Kapitalist modernite, kadın devrimini her zamankinden daha fazla düşmanı olarak görüyor, bu devrimin yaşam ve kültüre dönüşmemesi için elinden geleni yapacaktır. Bunu bazen açık açık savaş şeklinde, bazen de sonuna kadar sinsi ve örtük yapıyor. Efrînli kadınlara yönelik saldırılarında bu açıkça görülebiliyor. Faşist Türk devleti, burada kadın özgürlüğünden intikam alıyor. Katletme, tecavüz, kaçırma ve işkence gibi en vahşi yöntemlerle kadınlara saldırarak, kadın devrimine öfkesini kusuyor. Efrîn’deki uygulamalar, Amed zindanlarındaki ve yıllardır Kürt kadın gerillalara yönelik uygulamaların devamıdır.
Faşist Türk devleti, halklar düşmanı olduğu kadar kadın düşmanıdır da. Dünyayı etkileyen Kürt kadınların mücadelesini boşa çıkarmak için vahşi saldırıyor. Şu da açıktır ki kapitalist modernite güçleri bunu görmüyor, üç maymunları oynuyor. Bu bilinçli bir politikadır. Kadınları kurtuluş gücü olmasını istemiyorlar. Kadınları çıkarları temelinde kullanmak, emek ve güçlerini bir köle gibi istismar etmek için Türk devletinin faşizmine göz yumuyorlar, kadın kırımının önünü açıyorlar. Bu çok tehlikelidir. Kadınları bu şekilde kendilerine muhtaç hale getirmek istiyorlar. Kadına karşı kirli bir savaş yürütüyorlar. İyi biliyorlar ki toplumun temeli kadındır; kadını ele geçirirlerse işgalin kapıları kendiliğinden açılır.

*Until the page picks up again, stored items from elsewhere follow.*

lemma strategy_successor:
  assumes "\<not> zero_or_limit \<alpha>" "\<exists>\<eta><\<alpha>. s \<eta> \<noteq> None"
  shows "lower_bound s \<alpha> (strategy \<alpha> s) \<and> even_move_ok s \<alpha> (strategy \<alpha> s)"
proof -
  obtain \<beta> where \<beta>: "ord_even \<beta>" "\<alpha> = osucc (osucc \<beta>)"
    using ord_even_not_limit[OF even_\<alpha> assms(1)] by blast
  obtain q where q: "s (osucc \<beta>) = Some q" and le_q: "\<And>\<eta>. \<eta> < \<alpha> \<Longrightarrow> Pminus_le \<theta> (Some q) (s \<eta>)"
    using last_move[OF \<beta>(2) assms(2)] by blast
  interpret successor_step \<theta> q "s \<beta>"
    using \<beta>(2,1) q by (rule successor_step_played)
  define r where "r = extend_cond q (s \<beta>)"
  have "\<beta> < \<alpha>"
    using \<beta>(2) less_osucc less_trans by blast
  have strategy: "strategy \<alpha> s = Some r"
    unfolding strategy_def r_def using assms \<beta>(2) q by auto
  have lower: "Pminus_le \<theta> (Some r) (s \<eta>)" if "\<eta> < \<alpha>" for \<eta>
    using Pminus_le_trans[OF extend_cond_le le_q[OF that]] unfolding r_def .
  have above: "gam q' < gam r" if "\<eta> < \<alpha>" "s \<eta> = Some q'" for \<eta> q'
  proof -
    have "gam q' \<le> gam q"
      using le_q[OF that(1)] that(2) by (simp add: Pminus_le_Some_iff)
    then show ?thesis
      unfolding r_def using next_limit(1) by (simp add: le_less_trans)
  qed
  have coherent: "top_coherent \<theta> p' r" if \<eta>: "\<eta> < \<alpha>" "ord_even \<eta>" "s \<eta> = Some p'" for \<eta> p'
  proof (cases "\<eta> = \<beta>")
    case True
    then show ?thesis
      using top_coherent_extend_cond \<eta>(3) unfolding r_def by simp
  next
    case False
    then have "\<eta> < \<beta>"
      using ord_even_less_osucc_osucc[OF \<beta>(1) \<eta>(1)[unfolded \<beta>(2)] \<eta>(2)] by simp
    then obtain pb where "s \<beta> = Some pb"
      using even_move_None[OF \<open>\<beta> < \<alpha>\<close> \<beta>(1)] \<eta>(3) by fastforce
    then show ?thesis
      using even_move_Some(3)[OF \<open>\<beta> < \<alpha>\<close> \<beta>(1)] \<open>\<eta> < \<beta>\<close> \<eta>(2,3)
        top_coherent_trans top_coherent_extend_cond unfolding r_def by blast
  qed
  show ?thesis
    unfolding lower_bound_def even_move_ok_def strategy
    using valid_extend_cond lower above coherent unfolding r_def by simp
qed
lemma is_ideal_keys_deg_ge:
  "is_ideal {f :: ('n::finite, 'a::field) mpoly. \<forall>m\<in>Poly_Mapping.keys f. d \<le> mono_deg m}"
  (is "is_ideal ?D")
  unfolding is_ideal_def
proof (intro conjI ballI allI)
  show "0 \<in> ?D" by simp
  show "a + b \<in> ?D" if "a \<in> ?D" "b \<in> ?D" for a b
    using that keys_add[of a b] by auto
  show "r * a \<in> ?D" if a: "a \<in> ?D" for a r
  proof (intro CollectI ballI)
    fix m assume "m \<in> Poly_Mapping.keys (r * a)"
    then obtain x y where "m = x + y" "y \<in> Poly_Mapping.keys a"
      using keys_mult by blast
    with a show "d \<le> mono_deg m"
      by (auto simp: mono_deg_add)
  qed
qed

lemma alpha_le: "monomial_poly a \<in> I \<Longrightarrow> alpha I \<le> mono_deg a"
  unfolding alpha_def by (rule Least_le) (use monomial_poly_nonzero homogeneous_monomial_poly in blast)

lemma mono_deg_ge_of_mem_ideal_pow:
  assumes "monomial_closed I" and "f \<in> ideal_pow I k" and "m \<in> Poly_Mapping.keys f"
  shows "k * alpha I \<le> mono_deg m"
  using assms(2,3)
proof (induction k arbitrary: f m)
  case 0
  then show ?case by simp
next
  case (Suc k)
  have "a * b \<in> {f. \<forall>m\<in>Poly_Mapping.keys f. Suc k * alpha I \<le> mono_deg m}"
    if "a \<in> I" "b \<in> ideal_pow I k" for a b
  proof (intro CollectI ballI)
    fix m assume "m \<in> Poly_Mapping.keys (a * b)"
    then obtain x y where m: "m = x + y" "x \<in> Poly_Mapping.keys a" "y \<in> Poly_Mapping.keys b"
      using keys_mult by blast
    have "alpha I \<le> mono_deg x"
      using assms(1) that(1) m(2) by (auto simp: monomial_closed_def intro: alpha_le)
    moreover have "k * alpha I \<le> mono_deg y"
      using Suc.IH that(2) m(3) by blast
    ultimately show "Suc k * alpha I \<le> mono_deg m"
      by (simp add: m(1) mono_deg_add)
  qed
  then have "ideal_pow I (Suc k) \<subseteq> {f. \<forall>m\<in>Poly_Mapping.keys f. Suc k * alpha I \<le> mono_deg m}"
    unfolding ideal_pow.simps by (intro ideal_gen_least is_ideal_keys_deg_ge) blast
  then show ?case
    using Suc.prems by blast
qed

lemma alpha_attained:
  assumes "is_ideal I" and "monomial_closed I" and "I \<noteq> {0}"
  shows "\<exists>\<gamma>. monomial_poly \<gamma> \<in> I \<and> mono_deg \<gamma> = alpha I"
proof -
  obtain f where "f \<in> I" "f \<noteq> 0"
    using assms(1,3) unfolding is_ideal_def by blast
  then obtain a where "monomial_poly a \<in> I"
    using assms(2) unfolding monomial_closed_def by (metis all_not_in_conv keys_eq_empty)
  then have "\<exists>d f. f \<in> I \<and> f \<noteq> 0 \<and> homogeneous d f"
    using monomial_poly_nonzero homogeneous_monomial_poly by blast
  then have "\<exists>f. f \<in> I \<and> f \<noteq> 0 \<and> homogeneous (alpha I) f"
    unfolding alpha_def by (rule LeastI_ex)
  then obtain f0 \<gamma> where "f0 \<in> I" "homogeneous (alpha I) f0" "\<gamma> \<in> Poly_Mapping.keys f0"
    by (metis all_not_in_conv keys_eq_empty)
  then show ?thesis
    using assms(2) unfolding monomial_closed_def homogeneous_def by blast
qed

lemma mono_deg_pos_of_mem_proper:
  assumes "is_ideal I" and "I \<noteq> UNIV" and "monomial_poly a \<in> I"
  shows "0 < mono_deg a"
proof (rule ccontr)
  assume "\<not> 0 < mono_deg a"
  then have "1 \<in> I"
    using assms(3) by (simp add: mono_deg_eq_0_iff monomial_poly_0)
  then have "r \<in> I" for r
    using assms(1) unfolding is_ideal_def by (metis mult.right_neutral)
  then show False
    using assms(2) by blast
qed

lemma ex_inj_additive_into_nat_monomials:
  "\<exists>\<kappa> :: ('n::finite \<Rightarrow>\<^sub>0 nat) \<Rightarrow> (nat \<Rightarrow>\<^sub>0 nat). inj \<kappa> \<and> (\<forall>x y. \<kappa> (x + y) = \<kappa> x + \<kappa> y)"
proof -
  obtain \<iota> :: "'n \<Rightarrow> nat" where \<iota>: "inj \<iota>"
    using finite_imp_inj_to_nat_seg[of "UNIV :: 'n set"] by auto
  define \<kappa> :: "('n \<Rightarrow>\<^sub>0 nat) \<Rightarrow> (nat \<Rightarrow>\<^sub>0 nat)" where
    "\<kappa> m = (\<Sum>i\<in>UNIV. Poly_Mapping.single (\<iota> i) (Poly_Mapping.lookup m i))" for m
  have "Poly_Mapping.lookup (\<kappa> m) (\<iota> i) = Poly_Mapping.lookup m i" for m i
  proof -
    have "Poly_Mapping.lookup (\<kappa> m) (\<iota> i) = (\<Sum>j\<in>UNIV. if j = i then Poly_Mapping.lookup m i else 0)"
      unfolding \<kappa>_def lookup_sum
      by (rule sum.cong) (auto simp: lookup_single when_def inj_eq[OF \<iota>])
    then show ?thesis by simp
  qed
  then have "inj \<kappa>"
    by (metis injI poly_mapping_eqI)
  moreover have "\<kappa> (x + y) = \<kappa> x + \<kappa> y" for x y
    unfolding \<kappa>_def by (simp add: lookup_add single_add sum.distrib)
  ultimately show ?thesis by blast
qed

text \<open>Leading term argument for a total order compatible with addition: the sum of the largest
  \<open>Z\<close>-monomials of \<open>a\<close> and \<open>b\<close> arises in only one way as a sum of monomials of \<open>a\<close>
  and \<open>b\<close>, so it survives in \<open>a * b\<close>.\<close>
lemma keys_mult_face:
  fixes a b :: "('n::finite \<Rightarrow>\<^sub>0 nat) \<Rightarrow>\<^sub>0 'r::semiring_no_zero_divisors"
  assumes face: "\<And>l q. Z (l + q) \<longleftrightarrow> Z l \<and> Z q"
    and "\<exists>l\<in>Poly_Mapping.keys a. Z l" and "\<exists>q\<in>Poly_Mapping.keys b. Z q"
  shows "\<exists>m\<in>Poly_Mapping.keys (a * b). Z m"
proof -
  obtain \<kappa> :: "('n \<Rightarrow>\<^sub>0 nat) \<Rightarrow> (nat \<Rightarrow>\<^sub>0 nat)" where \<kappa>: "inj \<kappa>" "\<And>x y. \<kappa> (x + y) = \<kappa> x + \<kappa> y"
    using ex_inj_additive_into_nat_monomials by blast
  define F where "F = {l\<in>Poly_Mapping.keys a. Z l}"
  define G where "G = {q\<in>Poly_Mapping.keys b. Z q}"
  have "finite F" "F \<noteq> {}" "finite G" "G \<noteq> {}"
    using assms(2,3) by (auto simp: F_def G_def)
  have "Max (\<kappa> ` F) \<in> \<kappa> ` F"
    using \<open>finite F\<close> \<open>F \<noteq> {}\<close> by simp
  then obtain a0 where "a0 \<in> F" "\<kappa> a0 = Max (\<kappa> ` F)"
    by (metis imageE)
  have "Max (\<kappa> ` G) \<in> \<kappa> ` G"
    using \<open>finite G\<close> \<open>G \<noteq> {}\<close> by simp
  then obtain b0 where "b0 \<in> G" "\<kappa> b0 = Max (\<kappa> ` G)"
    by (metis imageE)
  have max_a0: "\<kappa> l \<le> \<kappa> a0" if "l \<in> F" for l
    using that \<open>finite F\<close> \<open>\<kappa> a0 = Max (\<kappa> ` F)\<close> by simp
  have max_b0: "\<kappa> q \<le> \<kappa> b0" if "q \<in> G" for q
    using that \<open>finite G\<close> \<open>\<kappa> b0 = Max (\<kappa> ` G)\<close> by simp
  have "l = a0" if "l \<in> Poly_Mapping.keys a" "q \<in> Poly_Mapping.keys b" "l + q = a0 + b0" for l q
  proof -
    have "Z (l + q)"
      using face \<open>a0 \<in> F\<close> \<open>b0 \<in> G\<close> that(3) by (simp add: F_def G_def)
    with face that(1,2) have "l \<in> F" "q \<in> G"
      by (simp_all add: F_def G_def)
    then have le: "\<kappa> l \<le> \<kappa> a0" "\<kappa> q \<le> \<kappa> b0"
      by (simp_all add: max_a0 max_b0)
    have sum: "\<kappa> l + \<kappa> q = \<kappa> a0 + \<kappa> b0"
      by (metis that(3) \<kappa>(2))
    have "\<kappa> l = \<kappa> a0"
    proof (rule ccontr)
      assume "\<kappa> l \<noteq> \<kappa> a0"
      with le have "\<kappa> l + \<kappa> q < \<kappa> a0 + \<kappa> b0"
        by (intro add_less_le_mono) simp_all
      with sum show False by simp
    qed
    then show ?thesis
      by (rule injD[OF \<kappa>(1)])
  qed
  then have "Poly_Mapping.lookup (a * b) (a0 + b0) = Poly_Mapping.lookup a a0 * Poly_Mapping.lookup b b0"
    by (rule lookup_mult_unique_split)
  also have "\<dots> \<noteq> 0"
    using \<open>a0 \<in> F\<close> \<open>b0 \<in> G\<close> by (simp add: F_def G_def in_keys_iff)
  finally have "a0 + b0 \<in> Poly_Mapping.keys (a * b)"
    by (simp add: in_keys_iff)
  moreover have "Z (a0 + b0)"
    using face \<open>a0 \<in> F\<close> \<open>b0 \<in> G\<close> by (simp add: F_def G_def)
  ultimately show ?thesis ..
qed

Fetva çıkarmak için 40 camiden su taşıyorlar

Bunun yanında kadına karşı psikolojik ve gizli savaş da yürütülüyor. Medya yoluyla ve toplum hassasiyetlerini gözetme adı altında kadınlar katlediliyor, fiziki şiddete maruz bırakılıyor, hakları bu şekilde yok ediliyor. Örneğin; Cizîr Özerk Yönetimi tarafından onaylanan kadın yasasına karşı büyük bir psikolojik savaş yürütülüyor. Erkekler fetva çıkarmak için adeta 40 camiden su taşıyor. Psikolojik savaş yoluyla ailelerin tehditleriyle kadınları esir almaya, gerici yasaları uygulamaya koymaya çalışıyorlar. Bu konuda büyük bir direniş yaşanıyor. Hatta erkeklerin bu çabalarına destek veren bazı kadınlar var. Buna karşı kadın bilincini, örgütlülüğünü, toplumsal hafızayı oluşturmayı, gece gündüz demeden olmazsa olmaz bir çalışma olarak önümüze koymamız gerektiği açıktır. Eğitim, bilinç, dönüşüm, özgürlüğe doğru atılacak en önemli adımlardır. Özgür fikirlere sahip olanlar ancak yaşamı ve ilişkileri değiştirebilir, Bu yüzden düşünce önemlidir.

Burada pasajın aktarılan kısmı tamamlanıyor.